Assessing electrolyte needs

All horses, regardless of performance levels, require a daily sodium supplement. Horses can not obtain enough sodium to meet their daily needs from forage or grain. Sodium can be delivered by offering a salt block or by top-dressing grain with table salt or a commercial salt preparation.Athletic horses participating in prolonged exercise are the class most in need of electrolyte supplementation. Endurance and competitive trail riding horses experience the greatest loss of fluids and electrolytes within the first 20 kilometres of exercise. It is therefore important to supplement early in the event and avoid dehydration.

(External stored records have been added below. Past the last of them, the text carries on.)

definition phi :: "(real^'n \<Rightarrow> real) \<Rightarrow> real \<Rightarrow> real^'n \<Rightarrow> real" where
  "phi f lam x = f x + lam * l1norm x"

definition gvec :: "(real^'n \<Rightarrow> real^'n) \<Rightarrow> real \<Rightarrow> real^'n \<Rightarrow> real^'n" where
  "gvec grad lam x = (\<chi> i. if x$i > 0 then grad x $ i + lam
                        else if x$i < 0 then grad x $ i - lam
                        else grad x $ i - min (max (-lam) (grad x $ i)) lam)"

definition Inz :: "real^'n \<Rightarrow> 'n set" where
  "Inz x = {i. x$i \<noteq> 0}"

definition Izero :: "real^'n \<Rightarrow> 'n set" where
  "Izero x = {i. x$i = 0}"

definition svec :: "real \<Rightarrow> real^'n \<Rightarrow> real^'n" where
  "svec epsg x = (\<chi> i. if \<bar>x$i\<bar> > sqrt epsg then 1 else x$i)"

definition Smat :: "real \<Rightarrow> real^'n \<Rightarrow> real^'n^'n" where
  "Smat epsg x = (\<chi> i j. if i = j then svec epsg x $ i else 0)"

definition subquad :: "'n set \<Rightarrow> real^'n^'n \<Rightarrow> real^'n \<Rightarrow> real" where
  "subquad I A v = (\<Sum>i\<in>I. \<Sum>j\<in>I. v$i * A$i$j * v$j)"

definition subbil :: "'n set \<Rightarrow> real^'n \<Rightarrow> real^'n^'n \<Rightarrow> real^'n \<Rightarrow> real" where
  "subbil I a A b = (\<Sum>i\<in>I. \<Sum>j\<in>I. a$i * A$i$j * b$j)"

definition subnorm :: "'n set \<Rightarrow> real^'n \<Rightarrow> real" where
  "subnorm I v = sqrt (\<Sum>i\<in>I. (v$i)^2)"

text \<open>Direction d^k built from the (sub)vector u (entries of u on I are used).\<close>
definition dir :: "real \<Rightarrow> real^'n \<Rightarrow> real^'n^'n \<Rightarrow> real^'n \<Rightarrow> real^'n \<Rightarrow> real^'n" where
  "dir epsg x H g u =
     (let I = Inz x; S = Smat epsg x in
      (\<chi> i. if i \<in> I then
              - sgn1 (subbil I g S u) * \<bar>subquad I (S ** H ** S) u\<bar> * u$i
            else 0))"

definition Jplus :: "real \<Rightarrow> real^'n \<Rightarrow> real^'n \<Rightarrow> 'n set" where
  "Jplus epsg x d = {i. x$i > sqrt epsg \<and> d$i < 0}"

definition Jzero :: "real \<Rightarrow> real^'n \<Rightarrow> real^'n \<Rightarrow> 'n set" where
  "Jzero epsg x d = {i. \<bar>x$i\<bar> \<le> sqrt epsg \<and> d$i < 0}"

definition Jminus :: "real \<Rightarrow> real^'n \<Rightarrow> real^'n \<Rightarrow> 'n set" where
  "Jminus epsg x d = {i. x$i < - sqrt epsg \<and> d$i > 0}"

definition emin :: "'n set \<Rightarrow> ('n \<Rightarrow> real) \<Rightarrow> ereal" where
  "emin J h = (if J = {} then \<infinity> else ereal (Min (h ` J)))"

definition tplus :: "real \<Rightarrow> real^'n \<Rightarrow> real^'n \<Rightarrow> ereal" where
  "tplus epsg x d = emin (Jplus epsg x d) (\<lambda>i. - x$i / d$i)"

definition tminus :: "real \<Rightarrow> real^'n \<Rightarrow> real^'n \<Rightarrow> ereal" where
  "tminus epsg x d = emin (Jminus epsg x d) (\<lambda>i. - x$i / d$i)"

definition tzero :: "real \<Rightarrow> real^'n \<Rightarrow> real^'n \<Rightarrow> ereal" where
  "tzero epsg x d = emin (Jzero epsg x d) (\<lambda>i. - 1 / d$i)"

end

theory Submission
  imports Defs
begin

text \<open>Along x + t S d the step bounds t+, t-, t0 keep every coordinate on its side of
  zero: a large coordinate moves by t d_i and does not cross zero before t = -x_i/d_i, and a
  small one is rescaled to x_i (1 + t d_i) with 1 + t d_i \<ge> 0 as long as t \<le> -1/d_i. Hence
  the l1 norm is affine along the step, with slope sgn(x)' S d, and this slope is exactly the
  \<lambda>-part of g' S d. The remaining terms of the cubic upper bound on f are rewritten on the
  support of x, using |s_i| \<le> 1 for the cubic term.\<close>

lemma Smat_mult_vec: "Smat e x *v v = (\<chi> i. svec e x $ i * v $ i)"
  by (simp add: Smat_def matrix_vector_mult_def vec_eq_iff if_distrib if_distribR cong: if_cong)

lemma inner_Smat_right: "v \<bullet> (Smat e x *v w) = (Smat e x *v v) \<bullet> w"
  by (simp add: Smat_mult_vec inner_vec_def algebra_simps)

lemma abs_svec_le_1:
  assumes "epsg \<le> 1"
  shows "\<bar>svec epsg x $ i\<bar> \<le> 1"
proof -
  have "sqrt epsg \<le> 1"
    using assms by simp
  then show ?thesis
    by (auto simp: svec_def simp del: real_sqrt_le_1_iff)
qed

lemma norm_Smat_mult_le:
  assumes "epsg \<le> 1"
  shows "norm (Smat epsg x *v v) \<le> norm v"
proof -
  have "(svec epsg x $ i * v $ i)\<^sup>2 \<le> (v $ i)\<^sup>2" for i
    using abs_svec_le_1[OF assms, of x i]
    by (simp add: power_mult_distrib abs_square_le_1 mult_left_le_one_le)
  then show ?thesis
    by (simp add: Smat_mult_vec norm_vec_def L2_set_def sum_mono)
qed

lemma emin_le:
  assumes "finite J" "i \<in> J" "ereal t \<le> emin J h"
  shows "t \<le> h i"
proof -
  have "J \<noteq> {}"
    using assms(2) by blast
  then have "t \<le> Min (h ` J)"
    using assms(3) by (simp add: emin_def)
  also have "\<dots> \<le> h i"
    using assms by simp
  finally show ?thesis .
qed

lemma dir_nth_outside: "i \<notin> Inz x \<Longrightarrow> dir epsg x H g u $ i = 0"
  by (simp add: dir_def Let_def)

lemma gvec_nth_nonzero:
  "x $ i \<noteq> 0 \<Longrightarrow> gvec grad lam x $ i = grad x $ i + lam * sgn (x $ i)"
  by (auto simp: gvec_def sgn_if)

lemma sum_vanishing_outside:
  fixes h :: "'n::finite \<Rightarrow> real"
  assumes "\<And>i. i \<notin> I \<Longrightarrow> h i = 0"
  shows "sum h I = sum h UNIV"
  by (rule sum.mono_neutral_left) (auto simp: assms)

lemma subquad_eq_inner:
  assumes "\<And>i. i \<notin> I \<Longrightarrow> v $ i = 0"
  shows "subquad I A v = v \<bullet> (A *v v)"
proof -
  have "subquad I A v = (\<Sum>i\<in>UNIV. \<Sum>j\<in>UNIV. v $ i * A $ i $ j * v $ j)"
    unfolding subquad_def using assms
    by (subst sum_vanishing_outside[where I = I]) (auto intro!: sum.cong sum_vanishing_outside)
  then show ?thesis
    by (simp add: inner_vec_def matrix_vector_mult_def sum_distrib_left mult.assoc)
qed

The exact electrolyte needs of each horse will vary depending on
 - Weather conditions (e.g. temperature , humidity)
 - Fitness of your horse
 - Effort of the exercise demand based on terrain and speed
 - Duration of the event, the length of the course and the number of consecutive days ridden
 - How well the horse drinks
 - Number of rest stops allowed for eating and drinking
 - Condition of the horse following transport to the event

Types of electrolytes

- Pastes are delivered directly into the mouth via syringe and these provide quick relief and are convenient to use on the move, without the need for water or grain. Plus, they pack easy in saddlebags.
- Dissolvable electrolytes ; they are a safe and easy way to make sure a horse always has access to extra electrolytes. “The single biggest thing people can do at home in regards to electrolytes is to provide two water buckets: one with plain water and one with electrolytes added.” Horses will voluntarily drink the electrolyte water when they are exercising heavily enough to need it.

Once your horse is accustomed to the taste of electrolyte-enhanced water at home, you can pack the product for road trips to evens where he might really need the extra boost.